## How to complete this task
Every line from the one bearing "ultimately show ?thesis by simp" through the last line of the entries should be printed exactly, with no other output.

--- --- ---

text \<open>The Cayley transform v \<mapsto> (1 + v)/(1 - v) maps the disc onto the right half-plane and
  conjugates phi to multiplication by 3. Hence g(v) = ((1 + v)/(1 - v))^(ln 2 / ln 3) is a
  nowhere vanishing holomorphic function on the disc with g(phi v) = 2 g(v), and
  (z, v) \<mapsto> ([v], z / g(v)) is invariant under the action of \<int>. It descends to a bijection
  from Omega onto A \<times> C^2_*, whose local lifts (z, v) \<mapsto> (v, z / g(v)) and
  (v, w) \<mapsto> (w g(v), v) are holomorphic.\<close>

lemma bounded_linear_axis: "bounded_linear (axis j :: 'a::real_normed_vector \<Rightarrow> 'a^'n)"
proof (rule bounded_linear_intro[where K=1])
  fix x y :: 'a and r :: real
  show "axis j (x + y) = (axis j x :: 'a^'n) + axis j y"
    and "axis j (r *\<^sub>R x) = r *\<^sub>R (axis j x :: 'a^'n)"
    by (simp_all add: vec_eq_iff axis_def)
  have "norm (axis j x :: 'a^'n) = norm x"
    unfolding norm_vec_def L2_set_def axis_def
    by (simp add: if_distrib[of "\<lambda>t. (norm t)\<^sup>2"] sum.delta cong: if_cong)
  then show "norm (axis j x :: 'a^'n) \<le> norm x * 1" by simp
qed

lemma has_derivative_vec_lambda:
  fixes f :: "'a::real_normed_vector \<Rightarrow> 'b::real_normed_vector^'n"
  assumes "\<And>j. ((\<lambda>u. f u $ j) has_derivative L j) F"
  shows "(f has_derivative (\<lambda>h. \<chi> j. L j h)) F"
proof -
  have "((\<lambda>u. \<Sum>j\<in>UNIV. axis j (f u $ j)) has_derivative (\<lambda>h. \<Sum>j\<in>UNIV. axis j (L j h))) F"
    by (intro has_derivative_sum bounded_linear.has_derivative[OF bounded_linear_axis] assms)
  moreover have "(\<lambda>u. \<Sum>j\<in>UNIV. axis j (f u $ j)) = f"
    and "(\<lambda>h. \<Sum>j\<in>UNIV. axis j (L j h)) = (\<lambda>h. \<chi> j. L j h)"
    by (simp_all add: fun_eq_iff vec_eq_iff sum_component axis_def)
  ultimately show ?thesis by simp
qed

definition holo_at :: "(complex^'n \<Rightarrow> complex) \<Rightarrow> complex^'n \<Rightarrow> bool" where
  "holo_at f x \<longleftrightarrow> (\<exists>L. (f has_derivative L) (at x) \<and> (\<forall>c h. L (cscale c h) = c * L h))"

lemma holo_at_nth: "holo_at (\<lambda>u. u $ j) x"
  unfolding holo_at_def
  by (rule exI[of _ "\<lambda>h. h $ j"]) (auto simp: cscale_def intro: bounded_linear.has_derivative)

--- --- ---

## Finished exercise
  ultimately show ?thesis by simp
qed

definition holo_at :: "(complex^'n \<Rightarrow> complex) \<Rightarrow> complex^'n \<Rightarrow> bool" where
  "holo_at f x \<longleftrightarrow> (\<exists>L. (f has_derivative L) (at x) \<and> (\<forall>c h. L (cscale c h) = c * L h))"

lemma holo_at_nth: "holo_at (\<lambda>u. u $ j) x"
  unfolding holo_at_def
  by (rule exI[of _ "\<lambda>h. h $ j"]) (auto simp: cscale_def intro: bounded_linear.has_derivative)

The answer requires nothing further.